Cisco has unveiled new investments designed to help partners capture more business with SMBs that are “stampeding” towards the cloud.
In an interactive roundtable held today, Andrew Sage, VP, Global Distribution & SMB Sales at Cisco, characterised SMB as “one of the biggest opportunities Cisco and our partners have”.
SMB is growing at double digits for Cisco, but the networking giant can take a bigger slice of the market, Sage suggested.
“We think there’s almost a $30bn opportunity for us,” he said.
Summarising how its SMB strategy for its fiscal 2024 (which began on 30 July) will differ from previous years, Sage said that Cisco will get “very focused” on the technologies that help SMB customers transforming with the cloud, “rather than the sports bars or nail salons”.
“[Sports bars and nail salons] also have technology requirements, without question,” Sage said.
“But I think our technology and our partners’ capabilities are much better suited to that slightly larger SMB that has started to move to the cloud and would react to the value proposition we bring with Meraki and WebEx and cloud security.”
Cisco has announced a new sales coverage model for the SMB segment, where it is exclusively partner led.
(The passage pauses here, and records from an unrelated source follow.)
text \<open>The coefficient of \<open>t\<^sup>2\<close> in the eikonal equation; Euler's identity turns the
  cross terms with \<open>\<nabla>\<theta>\<close> into a weighted sum of the \<open>\<theta>\<^sub>k\<close>.\<close>

lemma theta_weighted_sum:
  "(\<Sum>k\<le>4. (32 * real k - 96) * \<theta>k k (\<xi>, \<eta>))
     = 32 * (\<xi> \<bullet> \<xi>)\<^sup>2 + 192 * (\<xi> \<bullet> \<xi>) * (\<eta> \<bullet> \<eta>) - 96 * (\<eta> \<bullet> \<eta>)\<^sup>2
       - 256 * ((matrix_pencil A \<eta> *v \<xi>) \<bullet> (matrix_pencil A \<eta> *v \<xi>))
       - 64 * (\<Sum>j\<in>UNIV. (\<xi> \<bullet> (A j *v \<xi>))\<^sup>2)"
proof -
  define \<alpha> where "\<alpha> e = 4 * (\<xi> \<bullet> e)" for e
  define \<beta> where "\<beta> e = 16 * ((matrix_pencil A \<eta> *v \<xi>) \<bullet> e)" for e
  define \<gamma> where "\<gamma> e = dderiv \<theta> (e, 0) (\<xi>, \<eta>)" for e
  define \<alpha>' where "\<alpha>' e = -12 * (\<eta> \<bullet> e)" for e
  define \<beta>' where "\<beta>' (e::real^'q) = 8 * (\<Sum>i\<in>UNIV. e $ i * (\<xi> \<bullet> (A i *v \<xi>)))" for e
  define \<gamma>' where "\<gamma>' e = dderiv \<theta> (0, e) (\<xi>, \<eta>)" for e
  have "(\<Sum>e\<in>Basis. (\<beta> e)\<^sup>2 + 2 * \<alpha> e * \<gamma> e) + (\<Sum>e\<in>Basis. (\<beta>' e)\<^sup>2 + 2 * \<alpha>' e * \<gamma>' e)
          + (4 * (\<xi> \<bullet> \<xi> - 3 * (\<eta> \<bullet> \<eta>)))\<^sup>2 = 48 * (\<xi> \<bullet> \<xi> + \<eta> \<bullet> \<eta>)\<^sup>2"
    by (rule eikonal_t2_coeff) (unfold \<alpha>_def \<beta>_def \<gamma>_def \<alpha>'_def \<beta>'_def \<gamma>'_def, rule eikonal_expanded)
  moreover have "(\<Sum>e\<in>Basis. (\<beta> e)\<^sup>2) = 256 * ((matrix_pencil A \<eta> *v \<xi>) \<bullet> (matrix_pencil A \<eta> *v \<xi>))"
    by (simp add: \<beta>_def power_mult_distrib sum_Basis_inner_square flip: sum_distrib_left)
  moreover have "(\<Sum>e\<in>Basis. 2 * \<alpha> e * \<gamma> e) = 8 * (\<Sum>k\<le>4. real k * \<theta>k k (\<xi>, \<eta>))"
    using euler_bihomogeneous_fst[OF theta_poly theta_split theta_bihom, where \<xi> = \<xi> and \<eta> = \<eta>]
    by (simp add: \<alpha>_def \<gamma>_def mult.assoc flip: sum_distrib_left)
  moreover have "(\<Sum>e\<in>Basis. (\<beta>' e)\<^sup>2) = 64 * (\<Sum>j\<in>UNIV. (\<xi> \<bullet> (A j *v \<xi>))\<^sup>2)"
    by (simp add: \<beta>'_def sum_Basis_vec power_mult_distrib sum_axis_mult flip: sum_distrib_left)
  moreover have "(\<Sum>e\<in>Basis. 2 * \<alpha>' e * \<gamma>' e) = -24 * (\<Sum>k\<le>4. real (4 - k) * \<theta>k k (\<xi>, \<eta>))"
    using euler_bihomogeneous_snd[OF theta_poly theta_split theta_bihom, where \<xi> = \<xi> and \<eta> = \<eta>]
    by (simp add: \<alpha>'_def \<gamma>'_def mult.assoc sum_negf flip: sum_distrib_left)
  moreover have "(\<Sum>k\<le>4. (32 * real k - 96) * \<theta>k k (\<xi>, \<eta>))
      = 8 * (\<Sum>k\<le>4. real k * \<theta>k k (\<xi>, \<eta>)) - 24 * (\<Sum>k\<le>4. real (4 - k) * \<theta>k k (\<xi>, \<eta>))"
    by (simp add: atMost_Suc eval_nat_numeral algebra_simps)
  ultimately show ?thesis
    by (simp add: sum.distrib algebra_simps power2_eq_square)
qed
SMB partners will enjoy access to a territory manager, as well as specialists that can help them in specific technology areas such as zero trust. More than 100 new roles have been added globally in a new ‘SMB sales acceleration’ function.
The networking giant is also making a “significant incremental investment” in marketing to bolster its SMB drive, Luxy Thuraisingam, VP, Global SMB & Partner Marketing, Cisco (pictured, top), claimed, meanwhile.
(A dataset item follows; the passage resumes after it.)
(* Let $a<b$, integers $1\le p\le n$, $P_1=P_1^T\in\mathbb{R}^{n\times n}$ invertible, $P_0=-P_0^T\in\mathbb{R}^{n\times n}$, $\mathcal{X}=L^2([a,b];\mathbb{R}^n)$, $Z$ a real Hilbert space, $H\in\mathcal{L}(Z,\mathcal{X})$, $\delta t>0$ fixed, and $\mathcal{J}e=P_1\frac{de}{d\zeta}+P_0e$ for $e\in H^1([a,b];\mathbb{R}^n)$. Let $\mathcal{D}^A$ be the set of all $(\delta f_\varepsilon,\delta f_w,\delta f_\partial,e_\varepsilon,e_w,e_\partial)\in(\mathcal{X}\times Z\times\mathbb{R}^n)^2$ with $e_\varepsilon\in H^1([a,b];\mathbb{R}^n)$, $\delta f_\varepsilon=\mathcal{J}e_\varepsilon\delta t+H\delta f_w$, $\delta f_\partial=\frac{1}{\sqrt2}P_1(e_\varepsilon(b)-e_\varepsilon(a))\delta t$, $e_\partial=\frac{1}{\sqrt2}(e_\varepsilon(b)+e_\varepsilon(a))$, $e_w=H^*e_\varepsilon$, where the boundary ports are split as $\delta f_\partial=(\delta f_{\partial,n-p},f_p)$, $e_\partial=(e_{\partial,n-p},e_p)$ with $\delta f_{\partial,n-p},e_{\partial,n-p}\in\mathbb{R}^{n-p}$ and $f_p,e_p\in\mathbb{R}^p$. Let $\mathcal{F}_3,\mathcal{E}_3$ be real Hilbert spaces, $j_3:\mathcal{F}_3\to\mathcal{E}_3$ a unitary invertible linear map, and let $\mathcal{D}^B\subset(\mathcal{F}_3\times\mathbb{R}^p)\times(\mathcal{E}_3\times\mathbb{R}^p)$ be a Dirac structure with respect to the pairing $\langle(f^B,f,e^B,e),(\tilde f^B,\tilde f,\tilde e^B,\tilde e)\rangle=\langle f^B,j_3^{-1}\tilde e^B\rangle+\langle e^B,j_3\tilde f^B\rangle-\langle f,\tilde e\rangle-\langle e,\tilde f\rangle$. Define the composition $\mathcal{D}^A\circ\mathcal{D}^B$ as the set of all $(\delta f^A,f^B,e^A,e^B)$ with $\delta f^A=(\delta f_\varepsilon,\delta f_w,\delta f_{\partial,n-p})$, $e^A=(e_\varepsilon,e_w,e_{\partial,n-p})$, $f^B\in\mathcal{F}_3$, $e^B\in\mathcal{E}_3$, for which there exist $f_p,e_p\in\mathbb{R}^p$ with $(\delta f^A,f_p,e^A,e_p)\in\mathcal{D}^A$ and $(f^B,-f_p,e^B,e_p)\in\mathcal{D}^B$. Then $\mathcal{D}^A\circ\mathcal{D}^B$ is a (split) Dirac structure in $(\mathcal{X}\times Z\times\mathbb{R}^{n-p}\times\mathcal{F}_3)\times(\mathcal{X}\times Z\times\mathbb{R}^{n-p}\times\mathcal{E}_3)$ with respect to the pairing $$\langle\mathfrak{d},\tilde{\mathfrak{d}}\rangle_\dagger=\langle\delta f_\varepsilon,\tilde e_\varepsilon\rangle-\langle\delta f_w,\tilde e_w\rangle-\langle\delta f_{\partial,n-p},\tilde e_{\partial,n-p}\rangle+\langle f^B,j_3^{-1}\tilde e^B\rangle+\langle e_\varepsilon,\delta\tilde f_\varepsilon\rangle-\langle e_w,\delta\tilde f_w\rangle-\langle e_{\partial,n-p},\delta\tilde f_{\partial,n-p}\rangle+\langle e^B,j_3\tilde f^B\rangle,$$ i.e. $(\mathcal{D}^A\circ\mathcal{D}^B)^\perp=\mathcal{D}^A\circ\mathcal{D}^B$ with the orthogonal complement taken with respect to $\langle\cdot,\cdot\rangle_\dagger$.
   Context: Inner products on $\mathcal{X}$ are the standard $L^2$ ones and $H^*$ is the $L^2$-adjoint of $H$. A Dirac structure with respect to a symmetric bilinear pairing on a bond space is a linear subspace equal to its orthogonal complement with respect to that pairing; "split" means the pairing has the form $\langle f,j^{-1}\tilde e\rangle+\langle e,j\tilde f\rangle$ with $j$ block-diagonal, here $j=\mathrm{diag}(j_1,j_3)$, $j_1=\mathrm{diag}(I_\mathcal{X},-I_Z,-I_{\mathbb{R}^{n-p}})$. $\mathcal{D}^A$ is the stochastic port-Hamiltonian Dirac structure; the interconnection with $\mathcal{D}^B$ is through the $p$ boundary ports $f_p,e_p$ (with $j_2=-I_{\mathbb{R}^p}$ on that part). *)

theory Defs
  imports "HOL-Analysis.Analysis"
begin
SMBs ‘stampeding to cloud’
Cisco is pursuing those SMBs that are “stampeding to cloud and SaaS to do digital transformation,” Sage said as he pinned down the vendor’s ideal SMB customer. More generally, Cisco sees SMBs as those that do up to $50,000 in annual bookings.
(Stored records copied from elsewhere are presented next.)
text \<open>
  Writing \<open>y = x - v\<close>, this amounts to: every Banach limit vanishes at \<open>y\<close> iff \<open>p(y) = 0\<close>.

  \<^item> \<open>p\<close> is well defined by Fekete's lemma, because the window suprema are subadditive in
    the window length; it is a seminorm on bounded sequences, bounded by the sup-norm,
    and it vanishes on every \<open>y - T y\<close>, \<open>T\<close> the left shift.
  \<^item> Every Banach limit satisfies \<open>|L y| \<le> p(y)\<close>: averaging \<open>y\<close> over windows of length \<open>n\<close>
    does not change \<open>L y\<close> but lowers the sup-norm to the \<open>n\<close>-th term of the sequence
    defining \<open>p\<close>.
  \<^item> Conversely, if \<open>p(y) > 0\<close>, a Hahn--Banach argument (proved here via a minimal
    sublinear functional obtained from Zorn's lemma) gives a real-linear \<open>f \<le> p\<close> with
    \<open>f(y) = p(y)\<close>.  Such an \<open>f\<close> is automatically shift invariant, and its
    complexification \<open>z \<mapsto> f(z) - \<i> f(\<i> z)\<close> is a Banach limit not vanishing at \<open>y\<close>.
\<close>

section \<open>Sublinear functionals and a Hahn--Banach theorem\<close>

definition sublinear_on :: "'v::real_vector set \<Rightarrow> ('v \<Rightarrow> real) \<Rightarrow> bool" where
  "sublinear_on S r \<longleftrightarrow>
     (\<forall>a\<in>S. \<forall>b\<in>S. r (a + b) \<le> r a + r b) \<and> (\<forall>c>0. \<forall>a\<in>S. r (c *\<^sub>R a) \<le> c * r a)"

definition linear_functional_on :: "'v::real_vector set \<Rightarrow> ('v \<Rightarrow> real) \<Rightarrow> bool" where
  "linear_functional_on S f \<longleftrightarrow>
     (\<forall>a\<in>S. \<forall>b\<in>S. f (a + b) = f a + f b) \<and> (\<forall>c. \<forall>a\<in>S. f (c *\<^sub>R a) = c * f a)"

lemma sublinear_on_add: "sublinear_on S r \<Longrightarrow> a \<in> S \<Longrightarrow> b \<in> S \<Longrightarrow> r (a + b) \<le> r a + r b"
  by (simp add: sublinear_on_def)

lemma sublinear_on_scale: "sublinear_on S r \<Longrightarrow> c > 0 \<Longrightarrow> a \<in> S \<Longrightarrow> r (c *\<^sub>R a) \<le> c * r a"
  by (simp add: sublinear_on_def)

lemma sublinear_on_scale_eq:
  assumes "subspace S" "sublinear_on S r" "c > 0" "a \<in> S"
  shows "r (c *\<^sub>R a) = c * r a"
proof -
  have "r (inverse c *\<^sub>R (c *\<^sub>R a)) \<le> inverse c * r (c *\<^sub>R a)"
    using assms by (intro sublinear_on_scale) (auto simp: subspace_def)
  then have "c * r a \<le> r (c *\<^sub>R a)"
    using assms(3) by (simp add: field_simps)
  with sublinear_on_scale[OF assms(2-4)] show ?thesis by simp
qed

lemma sublinear_on_zero:
  assumes "subspace S" "sublinear_on S r"
  shows "r 0 = 0"
proof -
  have z: "0 \<in> S" using assms(1) by (simp add: subspace_def)
  have "r 0 \<le> r 0 + r 0" using sublinear_on_add[OF assms(2) z z] by simp
  moreover have "r ((1/2) *\<^sub>R 0) \<le> (1/2) * r 0"
    by (rule sublinear_on_scale[OF assms(2) _ z]) simp
  ultimately show ?thesis by simp
qed

lemma sublinear_on_lower:
  assumes "subspace S" "sublinear_on S r" "a \<in> S"
  shows "- r (- a) \<le> r a"
proof -
  have "r (a + - a) \<le> r a + r (- a)"
    using assms by (intro sublinear_on_add) (auto simp: subspace_neg)
  then show ?thesis using sublinear_on_zero[OF assms(1,2)] by simp
qed

text \<open>It is again sublinear, lies below \<open>r\<close>,
  and satisfies \<open>tilt r a (-a) \<le> -r(a)\<close>; this is the one-step extension device of
  Hahn--Banach.\<close>

definition tilt :: "('v::real_vector \<Rightarrow> real) \<Rightarrow> 'v \<Rightarrow> 'v \<Rightarrow> real" where
  "tilt r a z = (INF t\<in>{0..}. r (z + t *\<^sub>R a) - t * r a)"

text \<open>Throughout, \<open>r\<close> is sublinear on \<open>S\<close> and \<open>a \<in> S\<close>; the lower bound \<open>-r(-z)\<close> makes the
  infimum defining \<open>tilt r a z\<close> finite.\<close>

context
  fixes S :: "'v::real_vector set" and r :: "'v \<Rightarrow> real" and a :: 'v
  assumes S: "subspace S" and r: "sublinear_on S r" and a: "a \<in> S"
begin

lemma tilt_term_lower:
  assumes z: "z \<in> S" and t: "t \<ge> 0"
  shows "- r (- z) \<le> r (z + t *\<^sub>R a) - t * r a"
proof -
  have "r ((z + t *\<^sub>R a) + - z) \<le> r (z + t *\<^sub>R a) + r (- z)"
    using S z a by (intro sublinear_on_add[OF r]) (auto simp: subspace_neg subspace_add subspace_scale)
  moreover have "r (t *\<^sub>R a) = t * r a"
    using sublinear_on_zero[OF S r] sublinear_on_scale_eq[OF S r _ a] t
    by (cases "t = 0") auto
  ultimately show ?thesis by simp
qed

lemma tilt_le:
  assumes "z \<in> S" "t \<ge> 0"
  shows "tilt r a z \<le> r (z + t *\<^sub>R a) - t * r a"
  unfolding tilt_def using assms tilt_term_lower[OF assms(1)]
  by (intro cINF_lower bdd_belowI2[where m="- r (- z)"]) auto

lemma tilt_ge:
  assumes "\<And>t. t \<ge> 0 \<Longrightarrow> m \<le> r (z + t *\<^sub>R a) - t * r a"
  shows "m \<le> tilt r a z"
  unfolding tilt_def using assms by (auto intro: cINF_greatest)

lemma tilt_le_self: "z \<in> S \<Longrightarrow> tilt r a z \<le> r z"
  using tilt_le[of z 0] by simp

lemma tilt_neg: "tilt r a (- a) \<le> - r a"
  using tilt_le[of "- a" 1] S a sublinear_on_zero[OF S r] by (simp add: subspace_neg)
“Digital transformation isn’t something we’ve always associated with the SMB customer – we kind of [thought] of them as hanging on as best they can,” Sage explained.
“But the truth is that SMB customers are doing things they could never do before with technology. They used to have to buy servers and licensing, and do custom programming that was complex. Now with cloud and SaaS that is no longer the case. They have access to applications to automate every part of their business.”
Some $4.5bn of the $30bn opportunity Cisco flagged up is for partners to go back into existing SMB customers with a broader set of Cisco technology to help them digitally transform, Sage said.
Half of Cisco’s SMB customers will soon want to procure solutions and outcomes in a managed way, he added.
“These customers do not need technology; they need technology outcomes,” Sage said. “The way they get the technology outcomes that are critical to their business is through our partners, and we are seeing a big shift in how our partners are meeting these customers.”
Sage said the new “incremental investment” in SMB has buy-in from Cisco’s senior leadership team, including CEO Chuck Robbins (pictured above).
“We’re going to focus our energy and efforts with our partners on those customers that are transforming their business with the cloud, as we think we have a great opportunity to help them with this journey,” he concluded.
‘Dealing with Cisco was like dancing with an elephant’
On the call, Doug Westervelt, CEO of US Cisco partner Portland Internetworks, remarked that dealing with Cisco “used to be like dancing with an elephant”.
“Now we’re seeing a tonne of change in Cisco’s attitude towards SMB, much for the better,” he said.
“Cisco is beginning to understand the SMB and managed services space.
“So much more of Cisco’s offerings are multi-tenet friendly. There are flexible buying models and things that allow us to pay as we consume or scale up and down as necessary. I’ve never seen the level of engagement and investment from Cisco in the SMB space.”